*Assignment*.
Could you set down exactly the lines in the records below between the line holding "i = GC_lift" and the line holding "pulse_odd) simp_all", inclusive?

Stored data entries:
= Beginning of Section =
lemma GC_lift_across:
  assumes "quarter_turn_invariant (int m) G" and "glued_at_boundary (int m) G" and "t < m"
  shows "GC_lift G (GC_across rot m p i t) = G (int t) (-1)"
  using assms GC_lift_bpos[OF assms(1), of "m - 1 - t"]
  by (simp add: GC_across_def glued_at_boundary_def of_nat_diff algebra_simps)

lemma GC_lift_step:
  assumes qt: "quarter_turn_invariant (int m) G" and glue: "glued_at_boundary (int m) G"
    and x: "x < m" and y: "y < m"
  shows "GC_lift G (GC_step rot m p x y 0) = G (int x + 1) (int y)"
    and "GC_lift G (GC_step rot m p x y 1) = G (int x) (int y + 1)"
    and "GC_lift G (GC_step rot m p x y 2) = G (int x - 1) (int y)"
    and "GC_lift G (GC_step rot m p x y 3) = G (int x) (int y - 1)"
proof -
  note outside = quarter_turn_invariant_outside[OF qt]
  note across = GC_lift_across[OF qt glue]
  have "int x + 1 = int m" if "\<not> x + 1 < m" using that x by simp
  then show "GC_lift G (GC_step rot m p x y 0) = G (int x + 1) (int y)"
    using y by (auto simp: GC_step_def outside across add.commute)
  have "int y + 1 = int m" if "\<not> y + 1 < m" using that y by simp
  then show "GC_lift G (GC_step rot m p x y 1) = G (int x) (int y + 1)"
    using x by (auto simp: GC_step_def outside across add.commute of_nat_diff diff_diff_eq)
  show "GC_lift G (GC_step rot m p x y 2) = G (int x - 1) (int y)"
    using y by (auto simp: GC_step_def outside across of_nat_diff diff_diff_eq)
  show "GC_lift G (GC_step rot m p x y 3) = G (int x) (int y - 1)"
    using x by (auto simp: GC_step_def across of_nat_diff)
qed

definition grid_nbr_sum_zero :: "(int \<Rightarrow> int \<Rightarrow> 'b::comm_monoid_add) \<Rightarrow> bool" where
  "grid_nbr_sum_zero G \<longleftrightarrow> (\<forall>x y. G (x + 1) y + G x (y + 1) + G (x - 1) y + G x (y - 1) = 0)"

lemma GC_lift_eigenfunction:
  assumes sg: "simple_graph V E" and ori: "orientation4 V E rot"
    and qt: "quarter_turn_invariant (int m) G" and glue: "glued_at_boundary (int m) G"
    and harm: "grid_nbr_sum_zero G" and u: "u \<in> GC_verts V m"
  shows "laplacian (GC_verts V m) (GC_adj V rot m) (GC_lift G) u = 4 * GC_lift G u"
proof -
  obtain p x y where u_eq: "u = (p, x, y)" by (cases u)
  have p: "p \<in> V" and x: "x < m" and y: "y < m" using u by (auto simp: u_eq GC_verts_def)
  have N: "nbhd (GC_verts V m) (GC_adj V rot m) u = GC_step rot m p x y ` {..<4}"
    unfolding u_eq using GC_nbhd_eq[OF sg ori] u u_eq by blast
  note inj = GC_step_inj_on[OF sg ori p, of m x y]
  have "(\<Sum>v\<in>nbhd (GC_verts V m) (GC_adj V rot m) u. GC_lift G v)
        = (\<Sum>d<4. GC_lift G (GC_step rot m p x y d))"
    by (simp add: N sum.reindex[OF inj])
  also have "\<dots> = G (int x + 1) (int y) + G (int x) (int y + 1)
                    + G (int x - 1) (int y) + G (int x) (int y - 1)"
    using GC_lift_step[OF qt glue x y, of rot p] by (simp add: lessThan_4 add.assoc)
  also have "\<dots> = 0"
    using harm by (simp add: grid_nbr_sum_zero_def)
  finally show ?thesis
    by (simp add: laplacian_def N card_image[OF inj])
qed

definition alt_sign :: "int \<Rightarrow> complex" where
  "alt_sign x = (if even x then 1 else - 1)"

definition diag_wave :: "(int \<Rightarrow> complex) \<Rightarrow> int \<Rightarrow> int \<Rightarrow> complex" where
  "diag_wave A x y = alt_sign x * (A (x + y) + A (x - y - 1))"

lemma alt_sign_plus_one [simp]: "alt_sign (x + 1) = - alt_sign x"
  and alt_sign_minus_one [simp]: "alt_sign (x - 1) = - alt_sign x"
  by (simp_all add: alt_sign_def)

text \<open>For any a, the neighbour sum of (-1)^x a (x \<plusminus> y) vanishes: the east and north
  (resp. west and south) neighbours have the same argument of a and opposite signs.\<close>
lemma grid_nbr_sum_zero_diag_wave: "grid_nbr_sum_zero (diag_wave A)"
proof -
  have "x + 1 - y - 1 = x - y - 1 + 1" "x - 1 - y - 1 = x - y - 1 - 1"
    "x - (y + 1) - 1 = x - y - 1 - 1" "x - (y - 1) - 1 = x - y - 1 + 1" for x y :: int
    by simp_all
  then show ?thesis
    by (simp add: grid_nbr_sum_zero_def diag_wave_def algebra_simps)
qed

lemma diag_wave_quarter_turn_invariant:
  assumes m: "even m" and periodic: "\<And>s. A (s + m) = A s" and reflect: "\<And>s. A (-2 - s) = - A s"
    and odd_zero: "\<And>s. odd s \<Longrightarrow> A s = 0"
  shows "quarter_turn_invariant m (diag_wave A)"
  unfolding quarter_turn_invariant_def
proof (intro allI)
  fix x y :: int
  have diff: "A (m - 1 - y + x) = A (x - y - 1)"
    using periodic[of "x - y - 1"] by (simp add: algebra_simps)
  have sum: "A (m - 1 - y - x - 1) = - A (x + y)"
    using periodic[of "-2 - (x + y)"] reflect[of "x + y"] by (simp add: algebra_simps)
  have sign: "alt_sign (m - 1 - y) = - alt_sign y"
    using m by (simp add: alt_sign_def)
  show "diag_wave A (m - 1 - y) x = diag_wave A x y"
  proof (cases "even (x + y)")
    case True
    then have "odd (x - y - 1)" by presburger
    then have "A (x - y - 1) = 0" by (rule odd_zero)
    moreover have "alt_sign y = alt_sign x" using True by (auto simp: alt_sign_def)
    ultimately show ?thesis unfolding diag_wave_def sign diff sum by simp
  next
    case False
    then have "A (x + y) = 0" using odd_zero by blast
    moreover have "alt_sign y = - alt_sign x" using False by (auto simp: alt_sign_def)
    ultimately show ?thesis unfolding diag_wave_def sign diff sum by simp
  qed
qed

lemma diag_wave_glued_at_boundary:
  assumes m: "even m" and periodic: "\<And>s. A (s + m) = A s" and reflect: "\<And>s. A (-2 - s) = - A s"
  shows "glued_at_boundary m (diag_wave A)"
  unfolding glued_at_boundary_def
proof
  fix t :: int
  have "A (m - 1 - t) = - A (t - 1)"
    using periodic[of "-1 - t"] reflect[of "t - 1"] by (simp add: algebra_simps)
  moreover have "A (m - 1 - t - 0 - 1) = - A t"
    using periodic[of "-2 - t"] reflect[of t] by (simp add: algebra_simps)
  moreover have "alt_sign (m - 1 - t) = - alt_sign t"
    using m by (simp add: alt_sign_def)
  ultimately show "diag_wave A t (-1) = diag_wave A (m - 1 - t) 0"
    by (simp add: diag_wave_def algebra_simps)
qed

definition pulse :: "int \<Rightarrow> int \<Rightarrow> int \<Rightarrow> complex" where
  "pulse m c s = (if m dvd s - c then 1 else 0) - (if m dvd s + 2 + c then 1 else 0)"

lemma pulse_periodic: "pulse m c (s + m) = pulse m c s"
proof -
  have "s + m - c = (s - c) + m" "s + m + 2 + c = (s + 2 + c) + m"
    by simp_all
  then show ?thesis by (simp only: pulse_def dvd_add_triv_right_iff)
qed

lemma pulse_reflect: "pulse m c (-2 - s) = - pulse m c s"
proof -
  have "-2 - s - c = - (s + 2 + c)" "-2 - s + 2 + c = - (s - c)"
    by simp_all
  then show ?thesis by (simp only: pulse_def dvd_minus_iff) simp
qed

lemma pulse_odd:
  assumes "even m" and "even c" and "odd s"
  shows "pulse m c s = 0"
proof -
  have "odd (s - c)" "odd (s + 2 + c)"
    using assms(2,3) by simp_all
  then have "\<not> m dvd s - c" "\<not> m dvd s + 2 + c"
    using dvd_trans[OF assms(1)] by blast+
  then show ?thesis by (simp add: pulse_def)
qed

lemma pulse_even_point:
  assumes i: "i < k div 2" and j: "j < k div 2"
  shows "pulse (2 * int k) (2 * int i) (2 * int j) = (if i = j then 1 else 0)"
proof -
  have "\<not> int k dvd int j + int i + 1"
    using i j by (intro zdvd_not_zless) linarith+
  then have far: "\<not> 2 * int k dvd 2 * int j + 2 + 2 * int i"
    using dvd_times_left_cancel_iff[of 2 "int k" "int j + int i + 1"] by (simp add: algebra_simps)
  have "int k dvd int j - int i \<longleftrightarrow> i = j"
  proof
    assume "int k dvd int j - int i"
    moreover have "\<bar>int j - int i\<bar> < int k" using i j by linarith
    ultimately show "i = j" using dvd_imp_le_int[of "int j - int i" "int k"] by linarith
  qed simp
  then have near: "2 * int k dvd 2 * int j - 2 * int i \<longleftrightarrow> i = j"
    using dvd_times_left_cancel_iff[of 2 "int k" "int j - int i"] by (simp add: algebra_simps)
  show ?thesis
    unfolding pulse_def by (simp only: far near) simp
qed

lemma nat_ceiling_half_pred: "nat \<lceil>(real k - 1) / 2\<rceil> = k div 2"
proof -
  have "\<lceil>(real k - 1) / 2\<rceil> = int (k div 2)"
    by (subst ceiling_eq_iff) (cases "even k"; auto elim!: evenE oddE simp: field_simps)
  then show ?thesis by simp
qed

lemma dual_family_linear_independent:
  fixes F :: "nat \<Rightarrow> 'v \<Rightarrow> 'b::comm_ring_1"
  assumes "\<And>j. j < n \<Longrightarrow> u j \<in> S"
    and "\<And>i j. i < n \<Longrightarrow> j < n \<Longrightarrow> F i (u j) = (if i = j then 1 else 0)"
    and "\<forall>p\<in>S. (\<Sum>i<n. c i * F i p) = 0" and "j < n"
  shows "c j = 0"
proof -
  have "(\<Sum>i<n. c i * F i (u j)) = (\<Sum>i<n. if i = j then c j else 0)"
    using assms(2,4) by (intro sum.cong) auto
  also have "\<dots> = c j"
    using assms(4) by simp
  finally show ?thesis
    using assms(1,3,4) by force
qed

theorem theorem1p5:
  fixes V :: "'a set" and E :: "'a \<Rightarrow> 'a \<Rightarrow> bool" and rot :: "'a \<Rightarrow> nat \<Rightarrow> 'a" and k :: nat
  assumes "finite V"
    and "simple_graph V E"
    and "graph_connected V E"
    and "\<forall>p\<in>V. card (nbhd V E p) = 4"
    and "orientation4 V E rot"
    and "k \<ge> 2"
  shows "laplacian_eigenvalue_mult_ge (GC_verts V (2 * k)) (GC_adj V rot (2 * k)) 4
           (nat \<lceil>(real k - 1) / 2\<rceil>)"
proof -
  text \<open>Only V \<noteq> {} is used: the orientation already gives every vertex four distinct
    neighbours, and for k < 2 the bound is 0.  Since pulse m (-2 - c) = - pulse m c, the even
    residues c modulo 2k pair up as c, -2 - c; the choice c = 2i with i < k div 2 takes one
    residue from each pair of distinct ones.\<close>
  define F :: "nat \<Rightarrow> 'a \<times> nat \<times> nat \<Rightarrow> complex"
    where "F i = GC_lift (diag_wave (pulse (int (2 * k)) (2 * int i)))" for i
  have eigen: "laplacian (GC_verts V (2 * k)) (GC_adj V rot (2 * k)) (F i) u = 4 * F i u"
    if "u \<in> GC_verts V (2 * k)" for i u
    unfolding F_def
    by (intro GC_lift_eigenfunction[OF assms(2,5)] diag_wave_quarter_turn_invariant
        diag_wave_glued_at_boundary grid_nbr_sum_zero_diag_wave that pulse_periodic pulse_reflect
        pulse_odd) simp_all
  obtain p where p: "p \<in> V"
    using assms(3) unfolding graph_connected_def by blast
  have dual: "F i (p, 2 * j, 0) = (if i = j then 1 else 0)" if "i < k div 2" "j < k div 2" for i j
    using pulse_even_point[OF that] pulse_odd[of "int (2 * k)" "2 * int i" "2 * int j - 1"]
    by (simp add: F_def diag_wave_def alt_sign_def)
  have "(p, 2 * j, 0) \<in> GC_verts V (2 * k)" if "j < k div 2" for j
    using p that by (auto simp: GC_verts_def)
  then show ?thesis
    unfolding laplacian_eigenvalue_mult_ge_def nat_ceiling_half_pred
    using eigen dual_family_linear_independent[where u = "\<lambda>j. (p, 2 * j, 0)", OF _ dual] by blast
qed
lemma inner_avec:
  assumes "x \<in> - I"
  shows "a x \<bullet> w = w $ x - \<nu> * (\<Sum>u \<in> {u \<in> I. x \<in> C u}. w $ u)"
proof -
  have "a x \<bullet> w = (\<Sum>r\<in>UNIV. (if r \<in> {x} then w $ r else 0) - \<nu> * (if r \<in> {u \<in> I. x \<in> C u} then w $ r else 0))"
    unfolding inner_vec_def using assms by (intro sum.cong) (auto simp: avec_def)
  then show ?thesis
    by (simp only: sum_subtractf sum_distrib_left[symmetric] sum_UNIV_indicator) simp
qed

lemma inner_bvec:
  assumes "u \<in> I"
  shows "b u \<bullet> w = w $ u + \<nu> * (\<Sum>y \<in> C u - {u}. w $ y)"
proof -
  have "b u \<bullet> w = (\<Sum>r\<in>UNIV. (if r \<in> {u} then w $ r else 0) + \<nu> * (if r \<in> C u - {u} then w $ r else 0))"
    unfolding inner_vec_def by (intro sum.cong) (auto simp: bvec_def)
  then show ?thesis
    by (simp only: sum.distrib sum_distrib_left[symmetric] sum_UNIV_indicator) simp
qed

lemma gram_avec:
  assumes "x \<in> - I" "y \<in> - I"
  shows "a x \<bullet> a y = (if x = y then 1 else 0) + \<nu>\<^sup>2 * ellE I C x y"
proof -
  have "(\<Sum>u \<in> {u \<in> I. x \<in> C u}. a y $ u) = (\<Sum>u \<in> {u \<in> I. x \<in> C u}. if y \<in> C u then - \<nu> else 0)"
    using assms by (intro sum.cong) (auto simp: avec_def)
  also have "\<dots> = - \<nu> * ellE I C x y"
    by (simp add: sum.If_cases ellE_def Int_def conj_assoc)
  finally show ?thesis
    using assms by (simp add: inner_avec avec_external_component power2_eq_square)
qed

lemma gram_bvec:
  assumes "u \<in> I" "w \<in> I"
  shows "b u \<bullet> b w = (if u = w then 1 else 0) + \<nu>\<^sup>2 * ellI I C u w"
proof -
  have "(\<Sum>y \<in> C u - {u}. b w $ y) = (\<Sum>y \<in> C u - {u}. if y \<in> C w then \<nu> else 0)"
    using assms cell_external_sites by (intro sum.cong) (auto simp: bvec_def)
  also have "\<dots> = \<nu> * ellI I C u w"
    using cell_external_sites[OF \<open>u \<in> I\<close>] by (simp add: sum.If_cases ellI_def Int_ac)
  finally show ?thesis
    using assms by (simp add: inner_bvec bvec_internal_component power2_eq_square)
qed
lemma hop_path_meets_node_cut:
  assumes "is_path (aug_V V) (aug_E E B) p (Some k) None" "is_node_cut V E B k \<gamma>"
  shows "set p \<inter> \<gamma> \<noteq> {}"
proof
  assume "set p \<inter> \<gamma> = {}"
  with assms(1) have "is_path (aug_V V - \<gamma>) (aug_E E B) p (Some k) None"
    unfolding is_path_def by blast
  then have "connected_in (aug_E E B) (aug_V V - \<gamma>) (Some k) None"
    by (rule is_path_imp_connected_in)
  with assms(2) show False unfolding is_node_cut_def by simp
qed

lemma sum_01_eq_card:
  assumes "finite A" "\<forall>j\<in>A. f j \<in> {0, 1::real}"
  shows "(\<Sum>j\<in>A. f j) = real (card {j\<in>A. f j = 1})"
proof -
  have "(\<Sum>j\<in>A. f j) = (\<Sum>j\<in>A. if f j = 1 then 1 else 0)"
    using assms(2) by (intro sum.cong) auto
  also have "\<dots> = real (card {j\<in>A. f j = 1})"
    using sum.inter_filter[OF assms(1), of "\<lambda>_. 1::real" "\<lambda>j. f j = 1"] by simp
  finally show ?thesis .
qed

lemma x_of_in_ILP_feasible:
  assumes "finite V" "g \<in> path_tuples V Q B E h"
  shows "x_of V Q R B g \<in> ILP_feasible V Q R B E h"
proof -
  define xk where "xk = (\<lambda>k j. if k \<in> Q \<and> j \<in> aug_V V - {Some k, None} \<and> j \<in> set (g k)
                       then 1 else 0 :: real)"
  define xv where "xv = (\<lambda>j. if j \<in> aug_R R B \<and> (\<exists>k\<in>Q. xk k j = 1) then 1 else (0::real))"
  have x: "x_of V Q R B g = (xk, xv)" unfolding x_of_def Let_def xk_def xv_def by simp
  have fin: "finite (aug_V V)" using assms(1) by (rule finite_aug_V)
  have path: "is_path (aug_V V) (aug_E E B) (g k) (Some k) None" "length (g k) - 1 \<le> h + 1"
    if "k \<in> Q" for k
    using assms(2) that unfolding path_tuples_def hop_paths_def by auto
  have cut: "(\<Sum>j\<in>\<gamma>. xk k j) \<ge> 1" if k: "k \<in> Q" and "\<gamma> \<in> min_node_cuts V E B k" for k \<gamma>
  proof -
    have \<gamma>: "is_node_cut V E B k \<gamma>" "\<gamma> \<subseteq> aug_V V - {Some k, None}"
      using that(2) unfolding min_node_cuts_def is_node_cut_def by auto
    obtain j where j: "j \<in> \<gamma>" "j \<in> set (g k)"
      using hop_path_meets_node_cut[OF path(1)[OF k] \<gamma>(1)] by blast
    have "finite \<gamma>" using \<gamma>(2) fin by (meson finite_Diff rev_finite_subset)
    moreover have "xk k j = 1" using j \<gamma>(2) k unfolding xk_def by auto
    ultimately show ?thesis using member_le_sum[of j \<gamma> "xk k"] j(1) unfolding xk_def by auto
  qed
  have hop: "(\<Sum>j\<in>aug_V V - {Some k, None}. xk k j) \<le> real h" if "k \<in> Q" for k
  proof -
    let ?A = "aug_V V - {Some k, None}"
    have "(\<Sum>j\<in>?A. xk k j) = real (card {j\<in>?A. xk k j = 1})"
      using fin by (intro sum_01_eq_card) (auto simp: xk_def)
    also have "card {j\<in>?A. xk k j = 1} \<le> card (set (g k) - {Some k, None})"
      by (rule card_mono) (auto simp: xk_def)
    also have "\<dots> = length (g k) - 2"
      using card_inner_vertices_of_path[OF path(1)[OF that]] by simp
    finally show ?thesis using path(2)[OF that] by linarith
  qed
  show ?thesis
    unfolding x ILP_feasible_def using cut hop by (auto simp: xk_def xv_def)
qed
(* Let $\alpha,\beta>0$ and $0<\delta\le1$, and let the inverse demand function be $p(q)=\max\{\alpha-\beta q^{\delta},0\}$ for $q\ge0$. Suppose the cost functions satisfy Assumptions 1, 3 and 4. Then every Cournot equilibrium $\mathbf{x}$ satisfies $\gamma(\mathbf{x})\ge f\big((\delta+1)^{(1-\delta)/\delta}\big)$.
   Context: Cournot model: $N$ suppliers, inverse demand $p$, supplier $n$ has cost $C_n:[0,\infty)\to[0,\infty)$ and chooses $x_n\ge0$; $X=\sum_n x_n$; payoff of $n$ is $x_np(X)-C_n(x_n)$. A Cournot equilibrium is a profile $\mathbf{x}\ge0$ such that no supplier can increase its payoff by unilaterally changing its quantity to any $x\ge0$. $C_n'(0)$ is the right derivative at $0$. Assumption 1: each $C_n$ is convex, continuous, nondecreasing on $[0,\infty)$, continuously differentiable on $(0,\infty)$, with $C_n(0)=0$. Assumption 3: there exists $R>0$ such that $p(R)\le\min_n C_n'(0)$. Assumption 4: $p(0)>\min_n C_n'(0)$. Social welfare of $\mathbf{x}\ge0$: $W(\mathbf{x})=\int_0^X p(q)\,dq-\sum_{n=1}^N C_n(x_n)$; a social optimum $\mathbf{x}^S$ maximizes $W$. Efficiency: $\gamma(\mathbf{x})=W(\mathbf{x})/W(\mathbf{x}^S)$. For $\overline c\ge1$: $f(\overline c)=\dfrac{\phi^2+2}{\phi^2+2\phi+\overline c}$ with $\phi=\max\left\{\dfrac{2-\overline c+\sqrt{\overline c^{\,2}-4\overline c+12}}{2},1\right\}$. *)

theory Defs
  imports "HOL-Analysis.Analysis"
begin

(* Suppliers are indexed by n \<in> {..<N}; a profile is x :: nat \<Rightarrow> real,
   only its values on {..<N} matter. Costs: C :: nat \<Rightarrow> real \<Rightarrow> real. *)

definition total :: "nat \<Rightarrow> (nat \<Rightarrow> real) \<Rightarrow> real" where
  "total N x = (\<Sum>n<N. x n)"

definition feasible :: "nat \<Rightarrow> (nat \<Rightarrow> real) \<Rightarrow> bool" where
  "feasible N x \<longleftrightarrow> (\<forall>n<N. 0 \<le> x n)"

definition payoff :: "(real \<Rightarrow> real) \<Rightarrow> (nat \<Rightarrow> real \<Rightarrow> real) \<Rightarrow> nat \<Rightarrow> (nat \<Rightarrow> real) \<Rightarrow> nat \<Rightarrow> real" where
  "payoff p C N x n = x n * p (total N x) - C n (x n)"

definition cournot_equilibrium :: "(real \<Rightarrow> real) \<Rightarrow> (nat \<Rightarrow> real \<Rightarrow> real) \<Rightarrow> nat \<Rightarrow> (nat \<Rightarrow> real) \<Rightarrow> bool" where
  "cournot_equilibrium p C N x \<longleftrightarrow> feasible N x \<and>
     (\<forall>n<N. \<forall>y::real. 0 \<le> y \<longrightarrow> payoff p C N (x(n := y)) n \<le> payoff p C N x n)"

definition right_deriv0 :: "(real \<Rightarrow> real) \<Rightarrow> real" where
  "right_deriv0 c = (THE d. (c has_real_derivative d) (at_right 0))"

definition assumption1 :: "(nat \<Rightarrow> real \<Rightarrow> real) \<Rightarrow> nat \<Rightarrow> bool" where
  "assumption1 C N \<longleftrightarrow> (\<forall>n<N.
      convex_on {0..} (C n) \<and> continuous_on {0..} (C n) \<and> mono_on {0..} (C n) \<and>
      (\<forall>x>0. C n differentiable at x) \<and> continuous_on {0<..} (deriv (C n)) \<and>
      C n 0 = 0)"

definition min_marginal0 :: "(nat \<Rightarrow> real \<Rightarrow> real) \<Rightarrow> nat \<Rightarrow> real" where
  "min_marginal0 C N = (MIN n\<in>{..<N}. right_deriv0 (C n))"

definition assumption3 :: "(real \<Rightarrow> real) \<Rightarrow> (nat \<Rightarrow> real \<Rightarrow> real) \<Rightarrow> nat \<Rightarrow> bool" where
  "assumption3 p C N \<longleftrightarrow> (\<exists>R>0. p R \<le> min_marginal0 C N)"

definition assumption4 :: "(real \<Rightarrow> real) \<Rightarrow> (nat \<Rightarrow> real \<Rightarrow> real) \<Rightarrow> nat \<Rightarrow> bool" where
  "assumption4 p C N \<longleftrightarrow> p 0 > min_marginal0 C N"

definition welfare :: "(real \<Rightarrow> real) \<Rightarrow> (nat \<Rightarrow> real \<Rightarrow> real) \<Rightarrow> nat \<Rightarrow> (nat \<Rightarrow> real) \<Rightarrow> real" where
  "welfare p C N x = integral {0..total N x} p - (\<Sum>n<N. C n (x n))"

definition social_optimum :: "(real \<Rightarrow> real) \<Rightarrow> (nat \<Rightarrow> real \<Rightarrow> real) \<Rightarrow> nat \<Rightarrow> (nat \<Rightarrow> real) \<Rightarrow> bool" where
  "social_optimum p C N xS \<longleftrightarrow> feasible N xS \<and>
     (\<forall>y. feasible N y \<longrightarrow> welfare p C N y \<le> welfare p C N xS)"

definition efficiency :: "(real \<Rightarrow> real) \<Rightarrow> (nat \<Rightarrow> real \<Rightarrow> real) \<Rightarrow> nat \<Rightarrow> (nat \<Rightarrow> real) \<Rightarrow> (nat \<Rightarrow> real) \<Rightarrow> real" where
  "efficiency p C N xS x = welfare p C N x / welfare p C N xS"

definition phi_fun :: "real \<Rightarrow> real" where
  "phi_fun c = max ((2 - c + sqrt (c\<^sup>2 - 4 * c + 12)) / 2) 1"

definition f_bound :: "real \<Rightarrow> real" where
  "f_bound c = ((phi_fun c)\<^sup>2 + 2) / ((phi_fun c)\<^sup>2 + 2 * phi_fun c + c)"

end

theory Submission
  imports Defs
begin

(* Efficiency of Cournot equilibria for the inverse demand p(q) = max(\<alpha> - \<beta> q^\<delta>, 0),
   0 < \<delta> \<le> 1, with the constant c = (\<delta>+1)^((1-\<delta>)/\<delta>).

   Let X be the equilibrium total supply, M the largest individual supply, s = -p'(X) and
   g = p(X) - s M.  Each supplier's optimality (first-order condition for producers, no
   profitable entry for the others) together with convexity of its cost shows that every
   cost function lies above a line of slope g through its equilibrium point; summing over
   suppliers bounds the equilibrium cost from above and the cost of any other profile from
   below.  On the demand side, concavity of t^\<delta> shows that the equilibrium surplus is at
   least s X^2/2 and that no total supply gains more than c s M^2/2 of surplus at marginal
   price g.  Together, W(x)/W(x^S) \<ge> (\<phi>^2 + 2)/(\<phi>^2 + 2\<phi> + c) with \<phi> = X/M \<ge> 1, and f(c)
   is the minimum of this expression.  Assumption 4 excludes X = 0, and if p(X) = 0 the
   equilibrium is already optimal. *)

lemma powr_concave_tangent:
  fixes d u v :: real
  assumes d: "0 < d" "d \<le> 1" and u: "0 < u" and v: "0 < v"
  shows "v powr d \<le> u powr d + d * u powr (d - 1) * (v - u)"
proof -
  have cv: "convex_on {0<..} (\<lambda>t. - (t powr d))"
  proof (rule convex_on_realI[where f' = "\<lambda>t. - (d * t powr (d - 1))"])
    show "connected ({0<..} :: real set)" by simp
    fix t :: real assume "t \<in> {0<..}"
    then show "((\<lambda>t. - (t powr d)) has_real_derivative - (d * t powr (d - 1))) (at t)"
      by (auto intro!: derivative_eq_intros has_real_derivative_powr)
  next
    fix x y :: real assume "x \<in> {0<..}" "y \<in> {0<..}" "x \<le> y"
    then have "y powr (d - 1) \<le> x powr (d - 1)" using d by (intro powr_mono2') auto
    then show "- (d * x powr (d - 1)) \<le> - (d * y powr (d - 1))"
      using d by (simp add: mult_left_mono)
  qed
  have "- (d * u powr (d - 1)) * (v - u) \<le> - (v powr d) - - (u powr d)"
    using u v
    by (intro convex_on_imp_above_tangent[OF cv])
       (auto simp: interior_open
             intro!: derivative_eq_intros has_real_derivative_powr[THEN DERIV_subset])
  then show ?thesis by (simp add: algebra_simps)
qed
= End of Section =
*Answer to this task*.
    where "F i = GC_lift (diag_wave (pulse (int (2 * k)) (2 * int i)))" for i
  have eigen: "laplacian (GC_verts V (2 * k)) (GC_adj V rot (2 * k)) (F i) u = 4 * F i u"
    if "u \<in> GC_verts V (2 * k)" for i u
    unfolding F_def
    by (intro GC_lift_eigenfunction[OF assms(2,5)] diag_wave_quarter_turn_invariant
        diag_wave_glued_at_boundary grid_nbr_sum_zero_diag_wave that pulse_periodic pulse_reflect
        pulse_odd) simp_all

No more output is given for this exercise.